Content starts

lemma principal_right_ideal_corner:
  assumes f: "f \<in> carrier (corner R e)"
  shows "principal_right_ideal (corner R e) f = (\<lambda>x. x \<otimes> e) ` principal_right_ideal R f"
proof -
  have fc: "f \<in> carrier R" "f \<otimes> e = f"
    using f carrier_corner by auto
  have "principal_right_ideal (corner R e) f = (\<lambda>r. f \<otimes> (e \<otimes> r \<otimes> e)) ` carrier R"
    unfolding principal_right_ideal_def corner_def by (simp add: Setcompr_eq_image image_image)
  also have "\<dots> = (\<lambda>r. f \<otimes> r \<otimes> e) ` carrier R"
    using fc idem_closed by (intro image_cong) (simp_all add: m_assoc[symmetric])
  also have "\<dots> = (\<lambda>x. x \<otimes> e) ` principal_right_ideal R f"
    unfolding principal_right_ideal_def by (simp add: image_image)
  finally show ?thesis .
qed

lemma corner_idempotent_mult_idem:
  assumes h: "h \<in> carrier R" "h \<otimes> h = h" "e \<otimes> h = h"
  shows "h \<otimes> e \<in> carrier (corner R e)" "h \<otimes> e \<otimes> (h \<otimes> e) = h \<otimes> e"
proof -
  have e_he: "e \<otimes> (h \<otimes> e) = h \<otimes> e"
    using h idem_closed by (simp add: m_assoc[symmetric])
  moreover have "h \<otimes> e \<otimes> e = h \<otimes> e"
    using h idem_closed idem by (simp add: m_assoc)
  ultimately show "h \<otimes> e \<in> carrier (corner R e)"
    using h idem_closed by (simp add: carrier_corner)
  have "h \<otimes> e \<otimes> (h \<otimes> e) = h \<otimes> (e \<otimes> (h \<otimes> e))"
    using h idem_closed by (simp add: m_assoc)
  also have "\<dots> = h \<otimes> e"
    using h idem_closed by (simp add: e_he m_assoc[symmetric])
  finally show "h \<otimes> e \<otimes> (h \<otimes> e) = h \<otimes> e" .
qed

text \<open>hRe = (he)(eRe), because h r e = (he)(hr)e.\<close>
lemma image_mult_idem_principal_right_ideal:
  assumes h: "h \<in> carrier R" "h \<otimes> h = h" "e \<otimes> h = h"
  shows "(\<lambda>x. x \<otimes> e) ` principal_right_ideal R h = principal_right_ideal (corner R e) (h \<otimes> e)"
proof -
  have absorb: "h \<otimes> e \<otimes> (h \<otimes> r) = h \<otimes> r" if r: "r \<in> carrier R" for r
  proof -
    have "h \<otimes> e \<otimes> (h \<otimes> r) = h \<otimes> (e \<otimes> h) \<otimes> r"
      using h(1) r idem_closed by (simp add: m_assoc[symmetric])
    also have "\<dots> = h \<otimes> r"
      using h r by simp
    finally show ?thesis .
  qed
  have "(\<lambda>r. h \<otimes> r \<otimes> e) ` carrier R = (\<lambda>r. h \<otimes> e \<otimes> r \<otimes> e) ` carrier R"
  proof (intro equalityI subsetI)
    fix x assume "x \<in> (\<lambda>r. h \<otimes> r \<otimes> e) ` carrier R"
    then obtain r where r: "r \<in> carrier R" "x = h \<otimes> r \<otimes> e" by blast
    then show "x \<in> (\<lambda>r. h \<otimes> e \<otimes> r \<otimes> e) ` carrier R"
      using h by (intro image_eqI[of _ _ "h \<otimes> r"]) (simp_all add: absorb)
  next
    fix x assume "x \<in> (\<lambda>r. h \<otimes> e \<otimes> r \<otimes> e) ` carrier R"
    then obtain r where r: "r \<in> carrier R" "x = h \<otimes> e \<otimes> r \<otimes> e" by blast
    then show "x \<in> (\<lambda>r. h \<otimes> r \<otimes> e) ` carrier R"
      using h idem_closed by (intro image_eqI[of _ _ "e \<otimes> r"]) (simp_all add: m_assoc)
  qed
  then show ?thesis
    using principal_right_ideal_corner[OF corner_idempotent_mult_idem(1)[OF h]]
    unfolding principal_right_ideal_def by (simp add: image_image)
qed

lemma right_SSP_corner:
  assumes "right_SSP R"
  shows "right_SSP (corner R e)"
  unfolding right_SSP_def
proof (intro allI impI)
  interpret S: ring "corner R e" by (rule ring_corner)
  fix A B assume A: "right_summand (corner R e) A" and B: "right_summand (corner R e) B"
  obtain f where f: "f \<in> carrier (corner R e)" "f \<otimes>\<^bsub>corner R e\<^esub> f = f"
    and Af: "A = principal_right_ideal (corner R e) f"
    by (rule S.right_summand_imp_principal_idempotent[OF A])
  obtain g where g: "g \<in> carrier (corner R e)" "g \<otimes>\<^bsub>corner R e\<^esub> g = g"
    and Bg: "B = principal_right_ideal (corner R e) g"
    by (rule S.right_summand_imp_principal_idempotent[OF B])
  have fc: "f \<in> carrier R" "e \<otimes> f = f" and gc: "g \<in> carrier R" "e \<otimes> g = g"
    using f g carrier_corner by auto
  have "right_summand R (sum_set R (principal_right_ideal R f) (principal_right_ideal R g))"
    using assms f g fc gc right_summand_principal_idempotent unfolding right_SSP_def by simp
  then obtain h where h: "h \<in> carrier R" "h \<otimes> h = h"
    and fRgR: "sum_set R (principal_right_ideal R f) (principal_right_ideal R g) = principal_right_ideal R h"
    by (rule right_summand_imp_principal_idempotent)
  have "h \<in> sum_set R (principal_right_ideal R f) (principal_right_ideal R g)"
    using fRgR h idempotent_in_principal_right_ideal by simp
  then obtain a b where "a \<in> carrier R" "b \<in> carrier R" "h = f \<otimes> a \<oplus> g \<otimes> b"
    unfolding sum_set_def principal_right_ideal_def by blast
  then have eh: "e \<otimes> h = h"
    using fc gc idem_closed by (simp add: r_distr m_assoc[symmetric])
  have "sum_set (corner R e) A B = (\<lambda>x. x \<otimes> e) ` principal_right_ideal R h"
    unfolding Af Bg principal_right_ideal_corner[OF f(1)] principal_right_ideal_corner[OF g(1)] fRgR[symmetric]
    using fc gc idem_closed principal_right_ideal_subset
    by (simp add: sum_set_image_mult_right)
  also have "\<dots> = principal_right_ideal (corner R e) (h \<otimes> e)"
    by (rule image_mult_idem_principal_right_ideal[OF h eh])
  finally show "right_summand (corner R e) (sum_set (corner R e) A B)"
    using S.right_summand_principal_idempotent corner_idempotent_mult_idem[OF h eh] by simp
qed
(* For every integer $n\ge1$, $\|[\mathcal D,\pi(K^nL^n)]\|=1$.
   Context: $\Omega=\{0,1\}^{\mathbb N}$ with the shift $\sigma$; for $a\in\{0,1\}$, $ax=(a,x_1,\dots)$. $\mu$ is the measure of maximal entropy (uniform Bernoulli product measure), $L^2(\mu)$ the Hilbert space of square-integrable functions. Ruelle operator $L\phi(x)=\frac12(\phi(0x)+\phi(1x))$; Koopman operator $K\phi=\phi\circ\sigma$. On $\mathcal H=L^2(\mu)\times L^2(\mu)$ (norm $|(\phi_1,\phi_2)|^2=|\phi_1|^2+|\phi_2|^2$), $\mathcal D=\begin{pmatrix}0&K\\ L&0\end{pmatrix}$, $\pi(A)=\begin{pmatrix}A&0\\0&A\end{pmatrix}$ for bounded $A$ on $L^2(\mu)$, $[\mathcal D,\pi(A)]=\mathcal D\pi(A)-\pi(A)\mathcal D$; $\|\cdot\|$ is the operator norm. *)

theory Defs
  imports "HOL-Probability.Probability"
begin

text \<open>Omega = {0,1}^N rendered as nat => bool (coordinates indexed from 0).\<close>
type_synonym omega = "nat \<Rightarrow> bool"
type_synonym fn = "omega \<Rightarrow> real"

text \<open>Measure of maximal entropy: uniform Bernoulli product measure.\<close>
definition mu :: "omega measure" where
  "mu = PiM UNIV (\<lambda>_. measure_pmf (bernoulli_pmf (1/2)))"

definition shift :: "omega \<Rightarrow> omega" where
  "shift x = (\<lambda>n. x (Suc n))"

definition prepend :: "bool \<Rightarrow> omega \<Rightarrow> omega" where
  "prepend a x = case_nat a x"

definition Ruelle :: "fn \<Rightarrow> fn" where
  "Ruelle \<phi> = (\<lambda>x. (\<phi> (prepend False x) + \<phi> (prepend True x)) / 2)"

definition Koopman :: "fn \<Rightarrow> fn" where
  "Koopman \<phi> = \<phi> \<circ> shift"

text \<open>Square-integrable functions (representatives of elements of L^2(mu)) and the L^2 norm.\<close>
definition sq_int :: "fn \<Rightarrow> bool" where
  "sq_int \<phi> \<longleftrightarrow> \<phi> \<in> borel_measurable mu \<and> integrable mu (\<lambda>x. (\<phi> x)\<^sup>2)"

definition L2norm :: "fn \<Rightarrow> real" where
  "L2norm \<phi> = sqrt (\<integral>x. (\<phi> x)\<^sup>2 \<partial>mu)"

definition Hnorm :: "fn \<times> fn \<Rightarrow> real" where
  "Hnorm p = sqrt ((L2norm (fst p))\<^sup>2 + (L2norm (snd p))\<^sup>2)"

definition opnormH :: "(fn \<times> fn \<Rightarrow> fn \<times> fn) \<Rightarrow> real" where
  "opnormH T = Sup {Hnorm (T p) | p. sq_int (fst p) \<and> sq_int (snd p) \<and> Hnorm p \<le> 1}"

definition Dirac :: "fn \<times> fn \<Rightarrow> fn \<times> fn" where
  "Dirac p = (Koopman (snd p), Ruelle (fst p))"

definition piop :: "(fn \<Rightarrow> fn) \<Rightarrow> fn \<times> fn \<Rightarrow> fn \<times> fn" where
  "piop A p = (A (fst p), A (snd p))"

definition commutator :: "(fn \<times> fn \<Rightarrow> fn \<times> fn) \<Rightarrow> (fn \<times> fn \<Rightarrow> fn \<times> fn) \<Rightarrow> fn \<times> fn \<Rightarrow> fn \<times> fn" where
  "commutator T S p = (\<lambda>x. fst (T (S p)) x - fst (S (T p)) x, \<lambda>x. snd (T (S p)) x - snd (S (T p)) x)"

end

theory Submission
  imports Defs
begin

(* Write P = K^n L^n. Since L K = 1, the two components of [D, pi(P)] (phi1, phi2) are
   -K^n (1 - K L) L^(n-1) phi2 and K^(n-1) (1 - K L) L^n phi1. Here K L averages a function over
   the first coordinate, so pointwise (g - K L g)^2 <= K L (g^2); together with Jensen's inequality
   (L^b g)^2 <= L^b (g^2) and the invariance of the integral under K and L, each component has
   L^2 norm at most that of phi_i, whence the norm is at most 1. It equals 1: for
   r_j x = (if x j then 1 else -1), the commutator maps (0, r_(n-1)) to (-r_n, 0). *)

abbreviation coin :: "bool measure" where
  "coin \<equiv> measure_pmf (bernoulli_pmf (1/2))"

lemma shift_prepend [simp]: "shift (prepend s \<omega>) = \<omega>"
  by (simp add: shift_def prepend_def)

lemma prepend_shift: "prepend (x 0) (shift x) = x"
  by (auto simp: shift_def prepend_def fun_eq_iff split: nat.split)

lemma Koopman_pow_apply: "(Koopman ^^ k) f x = f ((shift ^^ k) x)"
  by (induction k arbitrary: f x) (simp_all add: Koopman_def funpow_swap1)

lemma Ruelle_Koopman [simp]: "Ruelle (Koopman f) = f"
  by (simp add: Ruelle_def Koopman_def fun_eq_iff)

lemma space_mu [simp]: "space mu = UNIV"
  by (simp add: mu_def space_PiM)

interpretation mu: prob_space mu
  by (simp add: mu_def prob_space_PiM prob_space_measure_pmf)
lemma prod_lin_moved_split_Z:
  assumes j: "j \<in> {1..m}"
  shows "(\<Prod>l=1..s. lin_moved K l t ^ \<alpha> l j) = (t - p) ^ \<phi> \<tau> * ((t - p) ^ \<gamma> \<tau> j * W K j t)"
proof -
  have Z_subset: "Z \<subseteq> {1..s}" using Z_subset_J J_subset by auto
  have "(\<Prod>l=1..s. lin_moved K l t ^ \<alpha> l j)
      = (\<Prod>l\<in>{1..s}-Z. lin_moved K l t ^ \<alpha> l j) * (\<Prod>l\<in>Z. lin_moved K l t ^ \<alpha> l j)"
    by (rule prod.subset_diff[OF Z_subset]) simp
  moreover have "(\<Prod>l\<in>Z. lin_moved K l t ^ \<alpha> l j) = (\<Prod>l\<in>Z. A l ^ \<alpha> l j) * (t - p) ^ (\<Sum>l\<in>Z. \<alpha> l j)"
    by (simp add: lin_moved_Z power_mult_distrib prod.distrib power_sum)
  ultimately show ?thesis by (simp add: sum_alpha_cl[OF j] W_def power_add ac_simps)
qed

lemma rate_on_line_cofactor: "rate_on_line \<kappa> (c_moved K) t = (t - p) ^ \<phi> \<tau> * cofactor K \<kappa> t"
  unfolding rate_on_line_c_moved cofactor_def sum_distrib_left
proof (intro sum.cong refl)
  fix j assume "j \<in> {1..m}"
  show "St 1 j * (\<kappa> j * (\<Prod>l=1..s. lin_moved K l t ^ \<alpha> l j))
    = (t - p) ^ \<phi> \<tau> * (St 1 j * (\<kappa> j * ((t - p) ^ \<gamma> \<tau> j * W K j t)))"
    unfolding prod_lin_moved_split_Z[OF \<open>j \<in> {1..m}\<close>] by (simp add: ac_simps)
qed

lemma isCont_cofactor: "isCont (cofactor K \<kappa>) t"
  unfolding cofactor_def W_def lin_moved_def by (intro continuous_intros)

lemma cofactor_at_p: "cofactor K \<kappa> p = (\<Sum>j\<in>L. St 1 j * (\<kappa> j * W K j p))"
proof -
  have "cofactor K \<kappa> p = (\<Sum>j=1..m. if \<gamma> \<tau> j = 0 then St 1 j * (\<kappa> j * W K j p) else 0)"
    unfolding cofactor_def by (intro sum.cong refl) auto
  also have "\<dots> = (\<Sum>j\<in>{j\<in>{1..m}. \<gamma> \<tau> j = 0}. St 1 j * (\<kappa> j * W K j p))"
    by (rule sum.inter_filter[symmetric]) simp
  finally show ?thesis by (simp add: L_set_def)
qed

definition E_moved :: "real \<Rightarrow> nat \<Rightarrow> real" where
  "E_moved K k = (if k \<in> H then E k else K)"
lemma sums_integral_geometric_kernel:
  fixes g :: "real \<Rightarrow> complex" and u :: complex
  assumes g: "continuous_on {0..1} g" and u: "norm u < 1"
  shows "(\<lambda>k. u ^ k * integral {0..1} (\<lambda>v. g v * complex_of_real v ^ k))
           sums integral {0..1} (\<lambda>v. g v / (1 - u * complex_of_real v))"
proof -
  have "continuous_on {0..1} (\<lambda>v. \<Sum>k<n. g v * (u * complex_of_real v) ^ k)" for n
    by (intro continuous_intros g)
  with uniform_limit_geometric_kernel[OF g u] obtain I J where
    I: "\<And>n. ((\<lambda>v. \<Sum>k<n. g v * (u * complex_of_real v) ^ k) has_integral I n) {0..1}" and
    J: "((\<lambda>v. g v / (1 - u * complex_of_real v)) has_integral J) {0..1}" and
    "I \<longlonglongrightarrow> J"
    by (rule uniform_limit_integral) auto
  have "((\<lambda>v. u ^ k * (g v * complex_of_real v ^ k)) has_integral
      u ^ k * integral {0..1} (\<lambda>v. g v * complex_of_real v ^ k)) {0..1}" for k
    by (intro has_integral_mult_right integrable_integral integrable_continuous_real continuous_intros g)
  then have "((\<lambda>v. \<Sum>k<n. g v * (u * complex_of_real v) ^ k) has_integral
      (\<Sum>k<n. u ^ k * integral {0..1} (\<lambda>v. g v * complex_of_real v ^ k))) {0..1}" for n
    by (intro has_integral_sum) (auto simp: power_mult_distrib mult.left_commute)
  then have "I = (\<lambda>n. \<Sum>k<n. u ^ k * integral {0..1} (\<lambda>v. g v * complex_of_real v ^ k))"
    using has_integral_unique[OF I] by blast
  with \<open>I \<longlonglongrightarrow> J\<close> integral_unique[OF J] show ?thesis
    by (simp add: sums_def)
qed

lemma has_integral_powr_times_power:
  assumes "p > -1"
  shows "((\<lambda>v. v powr p * v ^ k) has_integral 1 / (p + real k + 1)) {0..1}"
proof -
  have "((\<lambda>v. v powr (p + real k)) has_integral 1 / (p + real k + 1)) {0..1}"
    using has_integral_powr_from_0[of "p + real k" 1] assms by simp
  then show ?thesis
    by (rule has_integral_eq[rotated]) (auto simp: powr_add powr_realpow le_less)
qed

lemma pochhammer_div_pochhammer_add_1:
  fixes b :: "'a::field_char_0"
  assumes "b \<notin> \<int>\<^sub>\<le>\<^sub>0"
  shows "pochhammer b k / pochhammer (b + 1) k = b / (b + of_nat k)"
proof -
  have nonzero: "b + of_nat j \<noteq> 0" for j
    using assms by (metis eq_neg_iff_add_eq_0 minus_of_nat_in_nonpos_Ints)
  have "b + 1 \<noteq> - of_nat j" for j
    using nonzero[of "Suc j"] by (simp add: eq_neg_iff_add_eq_0 add.assoc)
  then have "pochhammer (b + 1) k \<noteq> 0"
    by (simp add: pochhammer_eq_0_iff)
  moreover note nonzero[of k]
  moreover have "b * pochhammer (b + 1) k = (b + of_nat k) * pochhammer b k"
    using pochhammer_rec[of b k] pochhammer_rec'[of b k] by simp
  ultimately show ?thesis
    by (simp add: field_simps)
qed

Content ends

#### [WHAT IS BEING ASKED]
Your task is to transcribe, with no changes, only the lines of the listing above that lie between the line holding "f ((shift ^^" and the line holding "interpretation mu: prob_space mu", inclusive.

#### [FINAL ANSWER]
lemma Koopman_pow_apply: "(Koopman ^^ k) f x = f ((shift ^^ k) x)"
  by (induction k arbitrary: f x) (simp_all add: Koopman_def funpow_swap1)

lemma Ruelle_Koopman [simp]: "Ruelle (Koopman f) = f"
  by (simp add: Ruelle_def Koopman_def fun_eq_iff)

lemma space_mu [simp]: "space mu = UNIV"
  by (simp add: mu_def space_PiM)

interpretation mu: prob_space mu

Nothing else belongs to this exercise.